Bridget was warm and caring and selfless. We will miss her.
Eva
Dear Keith,
I've returned to an earlier treatment. I began CDT for induction in May 2008 like most patients at the time. I then had a transplant( autologous) near the end of 2008. After relapsing sometime between two and two and a half years after transplant, I went back on Thal and Dex without the Cyclophosphamide. It's been a long hard road with problems caused by my reaction to Dex withdrawal each cycle. I've been taken off Dex for the last four months and have remained just on Thalidomide.
My relapse was quite aggressive( 70 % plasma cells in bone marow and broken humerus) and we took a gamble by going back to earlier treatment. After nine months my M spike disappeared, but I needed additional tests to confirm my meds were working. My myeloma is a difficult one to track now as I've become a very low secretor. However, a bone marrow biopsy suggested less than 5% plasma cells and my freelites went back into normal range, so it appears I was doing ok. Even if I were to relapse again this week, I've had a year on the same treatment as before, and it seems to have worked.
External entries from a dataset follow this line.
text \<open>The classes all of whose representatives have base generator in the component of
  \<open>x\<^sub>0\<close> are closed under the moves generating connectivity of \<open>Q\<close>.\<close>
lemma relator_graph_connected:
  assumes "w < n" shows "(0, w) \<in> (edge_rel src tgt m)\<^sup>*"
proof -
  let ?E = "(edge_rel src tgt m)\<^sup>*"
  let ?moves = "{(a, opQ a z) | a z. a \<in> Q \<and> z \<in> Q} \<union> {(a, qinv Q opQ a z) | a z. a \<in> Q \<and> z \<in> Q}"
  define rooted where "rooted C \<longleftrightarrow> C \<in> Q \<and> (\<forall>t\<in>C. (0, base t) \<in> ?E)" for C
  have rooted_cls: "rooted (cls t) \<longleftrightarrow> (0, base t) \<in> ?E" if t: "wf_term n t" for t
  proof
    assume "rooted (cls t)"
    moreover have "t \<in> cls t" using t by (simp add: pres_class_iff pcong.refl)
    ultimately show "(0, base t) \<in> ?E" unfolding rooted_def by blast
  next
    assume root: "(0, base t) \<in> ?E"
    have "(0, base u) \<in> ?E" if "u \<in> cls t" for u
      using rtrancl_trans[OF root pcong_base] that by (simp add: pres_class_iff)
    then show "rooted (cls t)" unfolding rooted_def using pres_class_in_car[OF t] by blast
  qed
  have bij: "bij_betw (\<lambda>u. opQ u z) Q Q" if "z \<in> Q" for z
    using quandle_Q that unfolding quandle_def by blast
  have "rooted y" if "(cls (Gen 0), y) \<in> ?moves\<^sup>*" for y
    using that
  proof (induction rule: rtrancl_induct)
    case base
    then show ?case using rooted_cls[of "Gen 0"] n_pos by simp
  next
    case (step y y')
    then have "y \<in> Q" unfolding rooted_def by blast
    then obtain ty where ty: "wf_term n ty" "y = cls ty" by (rule pres_car_cases)
    from step.hyps(2) show ?case
    proof (elim UnE CollectE exE conjE)
      fix a z assume "(y, y') = (a, opQ a z)" "a \<in> Q" "z \<in> Q"
      then have y': "y' = opQ y z" and z: "z \<in> Q" by simp_all
      obtain tz where tz: "wf_term n tz" "z = cls tz" using z by (rule pres_car_cases)
      have "y' = cls (Rop ty tz)" using y' ty tz pres_op_class by simp
      moreover have "(0, base ty) \<in> ?E" using step.IH rooted_cls[OF ty(1)] ty(2) by simp
      ultimately show ?case using rooted_cls[of "Rop ty tz"] ty(1) tz(1) by simp
    next
      fix a z assume "(y, y') = (a, qinv Q opQ a z)" "a \<in> Q" "z \<in> Q"
      then have y': "y' = inv_into Q (\<lambda>u. opQ u z) y" and z: "z \<in> Q" by (simp_all add: qinv_def)
      have b: "bij_betw (\<lambda>u. opQ u z) Q Q" by (rule bij[OF z])
      have y'Q: "y' \<in> Q" unfolding y' by (metis b bij_betw_def inv_into_into \<open>y \<in> Q\<close>)
      have "opQ y' z = y" unfolding y' by (metis b bij_betw_def f_inv_into_f \<open>y \<in> Q\<close>)
      obtain tz where tz: "wf_term n tz" "z = cls tz" using z by (rule pres_car_cases)
      obtain ty' where ty': "wf_term n ty'" "y' = cls ty'" using y'Q by (rule pres_car_cases)
      have "y = cls (Rop ty' tz)" using \<open>opQ y' z = y\<close> ty' tz pres_op_class by simp
      then have "(0, base ty') \<in> ?E"
        using step.IH rooted_cls[of "Rop ty' tz"] ty'(1) tz(1) by simp
      then show ?case using rooted_cls[OF ty'(1)] ty'(2) by simp
    qed
  qed
  moreover have "(cls (Gen 0), cls (Gen w)) \<in> ?moves\<^sup>*"
  proof -
    have "cls (Gen 0) \<in> Q" "cls (Gen w) \<in> Q"
      using n_pos assms by (simp_all add: pres_class_in_car)
    then show ?thesis using connected unfolding quandle_connected_def by blast
  qed
  ultimately show ?thesis using rooted_cls[of "Gen w"] assms by simp
qed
I've read quite a number of case histories from the States where patients have been retreated with Velcade or Revlimid. It seems to have a chance of working if you are not on the treatment while you progress. I've even read of cases in which a patient was receiving a very low dose of something, began to relapse, then had the same med at a higher dose together with dex and managed to get a response again. Some of the latest trials are looking at ways of sensitizing patients to Velcade again, for example, by adding another agent.
Best,
Eva
Hi Ian,
Sorry about the mini-allo. I'm sure it's a real possibility that the Velcade will do well again. Let us know how you're doing.
Best,
Eva
Hi David,
In Scotland, the rules are that Revlimid is available after the second relapse. However, if someone couldn't tolerate Velcade, then I guess that the doc would try to organise special provision. Maintenance Rev is not yet covered by the MHS.
What's so odd is that it is claimed that we haven't had time to do enough studies or for the 'studies' to mature. That might be the case in this country, but there are multiple studies from reputable institutions from all over the world. My impression is that NICE seems to want the studies to be carried out on home territory. Is this a way of stalling for time and thereby lowering costs, or is it an attempt to protect the patient?
There is a history also for research scientists to repeat studies( with perhaps the tiniest variation) rather than accepting work done overseas. Given that myeloma is not a common cancer, this doesn't serve us well. I'm not an expert on this, but I believe it even applies to areas such as vivisection- animal experiments – and I have heard that results that the scientific community were well aware of have have been duplicated many times with new tests in new countries. How you interpret this depends on how cynical you are.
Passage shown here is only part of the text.